D is mean delay, that includes the queueing until a shard is successfully delivered.
\lambda is the arrival rate of shards
X is the random variable that represents the service (completion) of delivery of a shard
\mu, the service rate, is defined to be the inverse of the expectation (E), so \mu = \frac{1}{ E [X] }
\rho is the load factor of the system, defined by \rho = \frac{\lambda}{\mu}, which can be interpreted as the ratio of how fast shards are coming into the system versus how fast they can be delivered. For the system to be stable, it is necessary to have \rho <1.

Note that in the denominator there is the E [X^2] term.

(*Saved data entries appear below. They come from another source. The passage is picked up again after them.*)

(* Let $\Theta=(\alpha,\rho_r,\rho_d,\rho_s,\rho_0,T)$ with $\alpha>1$, $\rho_r,\rho_d,\rho_s,\rho_0>0$, $T>1$, such that $K_{max}(\Theta):=\min\big(\frac T4,\frac{\rho_r}{3\rho_0},\frac{3\rho_d}{2\rho_0}\big)>10$. Then for every $R>0$, $\zeta'_{zf}(R,\Theta)<\zeta'_{csi}(R,\Theta)$.
   Context: For reals $M>K$, $1\le K\le\tau<T$, $$\gamma_u=\frac{K+\tau}{2\tau(M-K)}\Big(2^{\frac{R}{K(1-\tau/T)}}-1\Big)+\sqrt{\Big(\frac{K+\tau}{2\tau(M-K)}\Big(2^{\frac{R}{K(1-\tau/T)}}-1\Big)\Big)^2+\frac{2^{\frac{R}{K(1-\tau/T)}}-1}{\tau(M-K)}},$$ $$\frac{R}{\zeta_{zf}(M,K,\tau,R,\Theta)}=\alpha K\gamma_u+\rho_s+K\Big(\rho_d+\frac{8K^2\rho_0}{3T}\Big)+M\Big(\rho_r+2K\rho_0+\frac{4K^2\rho_0}{T}\Big).$$ $\zeta'_{zf}(R,\Theta)$ is the supremum of $\zeta_{zf}$ over real $(M,K,\tau)$ with $1\le K\le K_{max}(\Theta)$, $K\le\tau<T$, $M>K$. For real $M>K\ge1$, $\frac{1}{\zeta_{csi}(M,K,R,\Theta)}=\frac1R\big[\frac{\alpha K}{M-K}(2^{R/K}-1)+M\rho_r+K\rho_d+\rho_s\big]$ and $\zeta'_{csi}(R,\Theta)$ is its maximum over real $(M,K)$ with $1\le K\le K_{max}(\Theta)$, $M>K$. *)

theory Defs
  imports Complex_Main
begin

definition K_max :: "real \<Rightarrow> real \<Rightarrow> real \<Rightarrow> real \<Rightarrow> real" where
  "K_max T rho_r rho_d rho_0 = min (T / 4) (min (rho_r / (3 * rho_0)) (3 * rho_d / (2 * rho_0)))"

definition gamma_u :: "real \<Rightarrow> real \<Rightarrow> real \<Rightarrow> real \<Rightarrow> real \<Rightarrow> real" where
  "gamma_u M K tau R T =
    (let e = 2 powr (R / (K * (1 - tau / T))) - 1;
         c = (K + tau) / (2 * tau * (M - K)) * e
     in c + sqrt (c\<^sup>2 + e / (tau * (M - K))))"

definition zeta_zf :: "real \<Rightarrow> real \<Rightarrow> real \<Rightarrow> real \<Rightarrow> real \<Rightarrow> real \<Rightarrow> real \<Rightarrow> real \<Rightarrow> real \<Rightarrow> real \<Rightarrow> real" where
  "zeta_zf M K tau R alpha rho_r rho_d rho_s rho_0 T =
    R / (alpha * K * gamma_u M K tau R T + rho_s + K * (rho_d + 8 * K\<^sup>2 * rho_0 / (3 * T))
         + M * (rho_r + 2 * K * rho_0 + 4 * K\<^sup>2 * rho_0 / T))"

definition zeta'_zf :: "real \<Rightarrow> real \<Rightarrow> real \<Rightarrow> real \<Rightarrow> real \<Rightarrow> real \<Rightarrow> real \<Rightarrow> real" where
  "zeta'_zf R alpha rho_r rho_d rho_s rho_0 T =
    Sup {zeta_zf M K tau R alpha rho_r rho_d rho_s rho_0 T | M K tau.
           1 \<le> K \<and> K \<le> K_max T rho_r rho_d rho_0 \<and> K \<le> tau \<and> tau < T \<and> M > K}"

definition zeta_csi :: "real \<Rightarrow> real \<Rightarrow> real \<Rightarrow> real \<Rightarrow> real \<Rightarrow> real \<Rightarrow> real \<Rightarrow> real" where
  "zeta_csi M K R alpha rho_r rho_d rho_s =
    1 / ((1 / R) * (alpha * K / (M - K) * (2 powr (R / K) - 1) + M * rho_r + K * rho_d + rho_s))"

definition zeta'_csi :: "real \<Rightarrow> real \<Rightarrow> real \<Rightarrow> real \<Rightarrow> real \<Rightarrow> real \<Rightarrow> real \<Rightarrow> real" where
  "zeta'_csi R alpha rho_r rho_d rho_s rho_0 T =
    Sup {zeta_csi M K R alpha rho_r rho_d rho_s | M K.
           1 \<le> K \<and> K \<le> K_max T rho_r rho_d rho_0 \<and> M > K}"

end

theory Submission
  imports Defs
begin

text \<open>Write \<open>P\<close> for the power \<open>R / \<zeta>\<^sub>c\<^sub>s\<^sub>i\<close> of a feasible pair \<open>(M, K)\<close>. Since
  \<open>\<gamma>\<^sub>u \<ge> 2 c \<ge> (2\<^bsup>R/K\<^esup> - 1)/(M - K)\<close> and \<open>M K \<ge> 1\<close>, the power \<open>R / \<zeta>\<^sub>z\<^sub>f\<close> of any feasible
  \<open>(M, K, \<tau>)\<close> exceeds \<open>P\<close> by at least \<open>2 \<rho>\<^sub>0\<close>. With \<open>b = R / P \<le> \<zeta>'\<^sub>c\<^sub>s\<^sub>i\<close> this reads
  \<open>\<zeta>\<^sub>z\<^sub>f \<le> b / (1 + c b)\<close> for \<open>c = 2 \<rho>\<^sub>0 / R\<close>, and as \<open>x \<mapsto> x / (1 + c x)\<close> is increasing, the
  supremum of the left side is at most \<open>\<zeta>'\<^sub>c\<^sub>s\<^sub>i / (1 + c \<zeta>'\<^sub>c\<^sub>s\<^sub>i) < \<zeta>'\<^sub>c\<^sub>s\<^sub>i\<close>.
  The bound on \<open>K\<^sub>m\<^sub>a\<^sub>x\<close> is only needed to make the feasible sets nonempty.\<close>

lemma Sup_less_Sup_if_dominated:
  fixes A B :: "real set" and c :: real
  assumes "A \<noteq> {}" "bdd_above B" "c > 0"
    and dominated: "\<And>a. a \<in> A \<Longrightarrow> \<exists>b\<in>B. b > 0 \<and> a \<le> b / (1 + c * b)"
  shows "Sup A < Sup B"
proof -
  obtain a where "a \<in> A" using assms(1) by blast
  then obtain b0 where "b0 \<in> B" "b0 > 0" using dominated by blast
  then have S_pos: "Sup B > 0" using cSup_upper[OF _ assms(2)] by fastforce
  have "a \<le> Sup B / (1 + c * Sup B)" if a: "a \<in> A" for a
  proof -
    obtain b where b: "b \<in> B" "b > 0" "a \<le> b / (1 + c * b)" using dominated[OF a] by blast
    have "b \<le> Sup B" using cSup_upper[OF b(1) assms(2)] .
    then have "b * (1 + c * Sup B) \<le> Sup B * (1 + c * b)" by (simp add: algebra_simps)
    then have "b / (1 + c * b) \<le> Sup B / (1 + c * Sup B)"
      using b(2) S_pos assms(3) by (simp add: divide_simps add_pos_pos)
    with b(3) show ?thesis by linarith
  qed
  then have "Sup A \<le> Sup B / (1 + c * Sup B)" by (rule cSup_least[OF assms(1)])
  also have "\<dots> < Sup B" using S_pos assms(3) by (simp add: divide_simps add_pos_pos)
  finally show ?thesis .
qed

definition csi_power :: "real \<Rightarrow> real \<Rightarrow> real \<Rightarrow> real \<Rightarrow> real \<Rightarrow> real \<Rightarrow> real \<Rightarrow> real" where
  "csi_power M K R alpha rho_r rho_d rho_s =
     alpha * K / (M - K) * (2 powr (R / K) - 1) + M * rho_r + K * rho_d + rho_s"

lemma zeta_csi_eq_divide_csi_power:
  "zeta_csi M K R alpha rho_r rho_d rho_s = R / csi_power M K R alpha rho_r rho_d rho_s"
  unfolding zeta_csi_def csi_power_def by simp

lemma csi_power_ge_rho_s:
  assumes "0 < K" "K < M" "0 \<le> R" "0 \<le> alpha" "0 \<le> rho_r" "0 \<le> rho_d"
  shows "rho_s \<le> csi_power M K R alpha rho_r rho_d rho_s"
proof -
  have "1 \<le> 2 powr (R / K)" using assms by (intro ge_one_powr_ge_zero) simp_all
  then have "0 \<le> alpha * K / (M - K) * (2 powr (R / K) - 1)" using assms by simp
  moreover have "0 \<le> M * rho_r" "0 \<le> K * rho_d" using assms by simp_all
  ultimately show ?thesis unfolding csi_power_def by linarith
qed

lemma gamma_u_ge:
  assumes "0 < K" "K \<le> tau" "tau < T" "K < M" "0 \<le> R"
  shows "(2 powr (R / K) - 1) / (M - K) \<le> gamma_u M K tau R T"
proof -
  define e where "e = 2 powr (R / (K * (1 - tau / T))) - 1"
  define c where "c = (K + tau) / (2 * tau * (M - K)) * e"
  have pos: "0 < tau" "0 < M - K" "0 < 1 - tau / T" "1 - tau / T \<le> 1" using assms by auto
  have "R / K \<le> R / (K * (1 - tau / T))"
    using pos assms by (simp add: divide_left_mono mult_le_cancel_left1)
  then have e_ge: "2 powr (R / K) - 1 \<le> e" unfolding e_def by simp
  have "1 \<le> 2 powr (R / K)" using assms by (intro ge_one_powr_ge_zero) simp_all
  then have e_nonneg: "0 \<le> e" using e_ge by linarith
  have "c \<ge> 0" unfolding c_def using pos e_nonneg assms by simp
  moreover have "sqrt (c\<^sup>2) \<le> sqrt (c\<^sup>2 + e / (tau * (M - K)))"
    using pos e_nonneg by (intro real_sqrt_le_mono) simp
  ultimately have gamma_ge: "2 * c \<le> gamma_u M K tau R T"
    unfolding gamma_u_def Let_def e_def[symmetric] c_def[symmetric] by simp
  have "2 * c = (1 + K / tau) * (e / (M - K))" unfolding c_def using pos by (simp add: field_simps)
  also have "\<dots> = e / (M - K) + K / tau * (e / (M - K))"
    by (simp only: distrib_right mult_1_left)
  also have "\<dots> \<ge> e / (M - K)" using pos e_nonneg assms by simp
  finally have "e / (M - K) \<le> gamma_u M K tau R T" using gamma_ge by linarith
  moreover have "(2 powr (R / K) - 1) / (M - K) \<le> e / (M - K)"
    using e_ge pos by (simp add: divide_right_mono)
  ultimately show ?thesis by linarith
qed

lemma zeta_zf_le_csi_power:
  assumes "0 \<le> alpha" "0 \<le> rho_r" "0 \<le> rho_d" "0 \<le> rho_s" "0 < rho_0" "0 < R"
    and "1 \<le> K" "K \<le> tau" "tau < T" "K < M"
  shows "zeta_zf M K tau R alpha rho_r rho_d rho_s rho_0 T
           \<le> R / (csi_power M K R alpha rho_r rho_d rho_s + 2 * rho_0)"
proof -
  have "alpha * K * ((2 powr (R / K) - 1) / (M - K)) \<le> alpha * K * gamma_u M K tau R T"
    using gamma_u_ge[of K tau T M R] assms by (intro mult_left_mono) auto
  moreover have "0 \<le> K * (8 * K\<^sup>2 * rho_0 / (3 * T))" "0 \<le> M * (4 * K\<^sup>2 * rho_0 / T)"
    using assms by simp_all
  moreover have "1 \<le> M * K" using assms mult_mono[of 1 M 1 K] by simp
  then have "2 * rho_0 \<le> M * (2 * K * rho_0)" using assms by (simp add: algebra_simps)
  ultimately have "csi_power M K R alpha rho_r rho_d rho_s + 2 * rho_0
      \<le> alpha * K * gamma_u M K tau R T + rho_s + K * (rho_d + 8 * K\<^sup>2 * rho_0 / (3 * T))
         + M * (rho_r + 2 * K * rho_0 + 4 * K\<^sup>2 * rho_0 / T)"
    unfolding csi_power_def by (simp add: distrib_left)
  moreover have "0 < csi_power M K R alpha rho_r rho_d rho_s + 2 * rho_0"
    using csi_power_ge_rho_s[of K M R alpha rho_r rho_d rho_s] assms by simp
  ultimately show ?thesis unfolding zeta_zf_def using assms(6) by (simp add: frac_le)
qed

lemma zeta_csi_pos_le:
  assumes "0 \<le> alpha" "0 \<le> rho_r" "0 \<le> rho_d" "0 < rho_s" "0 < R" "0 < K" "K < M"
  shows "0 < zeta_csi M K R alpha rho_r rho_d rho_s" "zeta_csi M K R alpha rho_r rho_d rho_s \<le> R / rho_s"
proof -
  have "rho_s \<le> csi_power M K R alpha rho_r rho_d rho_s"
    using csi_power_ge_rho_s assms by simp
  then show "0 < zeta_csi M K R alpha rho_r rho_d rho_s" "zeta_csi M K R alpha rho_r rho_d rho_s \<le> R / rho_s"
    using assms by (simp_all add: zeta_csi_eq_divide_csi_power frac_le)
qed

lemma zeta_zf_le_zeta_csi:
  assumes "0 \<le> alpha" "0 \<le> rho_r" "0 \<le> rho_d" "0 < rho_s" "0 < rho_0" "0 < R"
    and "1 \<le> K" "K \<le> tau" "tau < T" "K < M"
  defines "b \<equiv> zeta_csi M K R alpha rho_r rho_d rho_s"
  shows "zeta_zf M K tau R alpha rho_r rho_d rho_s rho_0 T \<le> b / (1 + 2 * rho_0 / R * b)"
proof -
  define P where "P = csi_power M K R alpha rho_r rho_d rho_s"
  have "0 < P" using csi_power_ge_rho_s[of K M R alpha rho_r rho_d rho_s] assms
    unfolding P_def by fastforce
  then have "R / (P + 2 * rho_0) = (R / P) / (1 + 2 * rho_0 / R * (R / P))"
    using assms(6) by (simp add: divide_simps)
  then show ?thesis
    using zeta_zf_le_csi_power[of alpha rho_r rho_d rho_s rho_0 R K tau T M] assms
    unfolding b_def zeta_csi_eq_divide_csi_power P_def by simp
qed

theorem lemma8:
  fixes alpha rho_r rho_d rho_s rho_0 T R :: real
  assumes "alpha > 1" and "rho_r > 0" and "rho_d > 0" and "rho_s > 0" and "rho_0 > 0"
    and "T > 1" and "K_max T rho_r rho_d rho_0 > 10" and "R > 0"
  shows "zeta'_zf R alpha rho_r rho_d rho_s rho_0 T < zeta'_csi R alpha rho_r rho_d rho_s rho_0 T"
proof -
  define ZF where "ZF = {zeta_zf M K tau R alpha rho_r rho_d rho_s rho_0 T | M K tau.
           1 \<le> K \<and> K \<le> K_max T rho_r rho_d rho_0 \<and> K \<le> tau \<and> tau < T \<and> M > K}"
  define CSI where "CSI = {zeta_csi M K R alpha rho_r rho_d rho_s | M K.
           1 \<le> K \<and> K \<le> K_max T rho_r rho_d rho_0 \<and> M > K}"
  have "Sup ZF < Sup CSI"
  proof (rule Sup_less_Sup_if_dominated[where c = "2 * rho_0 / R"])
    show "ZF \<noteq> {}" unfolding ZF_def using assms(6,7) by force
    show "bdd_above CSI" unfolding CSI_def
      by (rule bdd_aboveI[where M = "R / rho_s"]) (use assms zeta_csi_pos_le(2) in force)
    show "0 < 2 * rho_0 / R" using assms by simp
  next
    fix a assume "a \<in> ZF"
    then obtain M K tau where a: "a = zeta_zf M K tau R alpha rho_r rho_d rho_s rho_0 T"
      and feasible: "1 \<le> K" "K \<le> K_max T rho_r rho_d rho_0" "K \<le> tau" "tau < T" "M > K"
      unfolding ZF_def by blast
    have "zeta_csi M K R alpha rho_r rho_d rho_s \<in> CSI" unfolding CSI_def using feasible by blast
    moreover have "0 < zeta_csi M K R alpha rho_r rho_d rho_s"
      using zeta_csi_pos_le(1) feasible assms by simp
    moreover have "a \<le> zeta_csi M K R alpha rho_r rho_d rho_s
        / (1 + 2 * rho_0 / R * zeta_csi M K R alpha rho_r rho_d rho_s)"
      unfolding a using zeta_zf_le_zeta_csi feasible assms by simp
    ultimately show "\<exists>b\<in>CSI. b > 0 \<and> a \<le> b / (1 + 2 * rho_0 / R * b)" by blast
  qed
  then show ?thesis unfolding zeta'_zf_def zeta'_csi_def ZF_def CSI_def .
qed

end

This is the variance of X plus \frac{1}{\mu}^2. The more variable the service time, for the same average service time, the longer the delay.

Let us consider the simple example where we halve a shard.

1/ Original shard, original speed

from PK
D_1 = \frac{1}{2 (1 - \rho_1)} \lambda_1 E [X_1^2]
\rho_1 = \frac{\lambda_1}{\mu_1}

2/ Shard by a half

\mu_2 = 2 \mu_1, twice as fast service
E [X_2^2] = E [X_1^2]/4 halving means the square is divided by 2

but for the same amount of traffic, if we halve the shard, we send half the amount of data, so to keep the total amount of data the same, it means that we double the arrival rate (twice as often we have an arrival, each or half as much)

\lambda_2 = 2 \lambda_1, hence
\rho_2 = \frac{\lambda_2}{\mu_2} = \rho_1 = \frac{\lambda_1}{\mu_1}

So

D_2 = \frac{1}{2 (1 - \rho_2)} \lambda_2 E [X_2^2] = \frac{1}{2 (1 - \rho_1)} \frac{2}{4} \lambda_1 E [X_1^2] = \frac{D_1}{2}
so that we have one half the delay - this is not magic, it is PK.

3/ Speed by a factor of 2

\mu_3 = 2 \mu_1, twice as fast
E [X_3^2] = E [X_1^2]/4 halving means the square is divided by 2

But

\lambda_3 = \lambda_1 as we are not changing the arrival rate so

\rho_3 = \frac{\lambda_3}{\mu_3} = \frac{\rho_1}{2} = \frac{\lambda_1}{2 \mu_1}.


Here comes the example.

Suppose that \rho_1 = 0.8, then \rho_3 = 0.4.

So

D_1 = \frac{5}{2} \lambda_3 E [X_1^2]

And

D_3 = \frac{5}{6} \lambda_3 E [X_3^2] = \frac{5}{6} \frac{1}{4} \lambda_1 E [X_1^2] = \frac{D_1}{12}

so the benefit is 12 X in delay in case 3 rather than 2 X in case 2. Speeding by a factor of 2 improves six-fold over just sharding by a factor of 2. Of course, both coding and sharding is the way to go.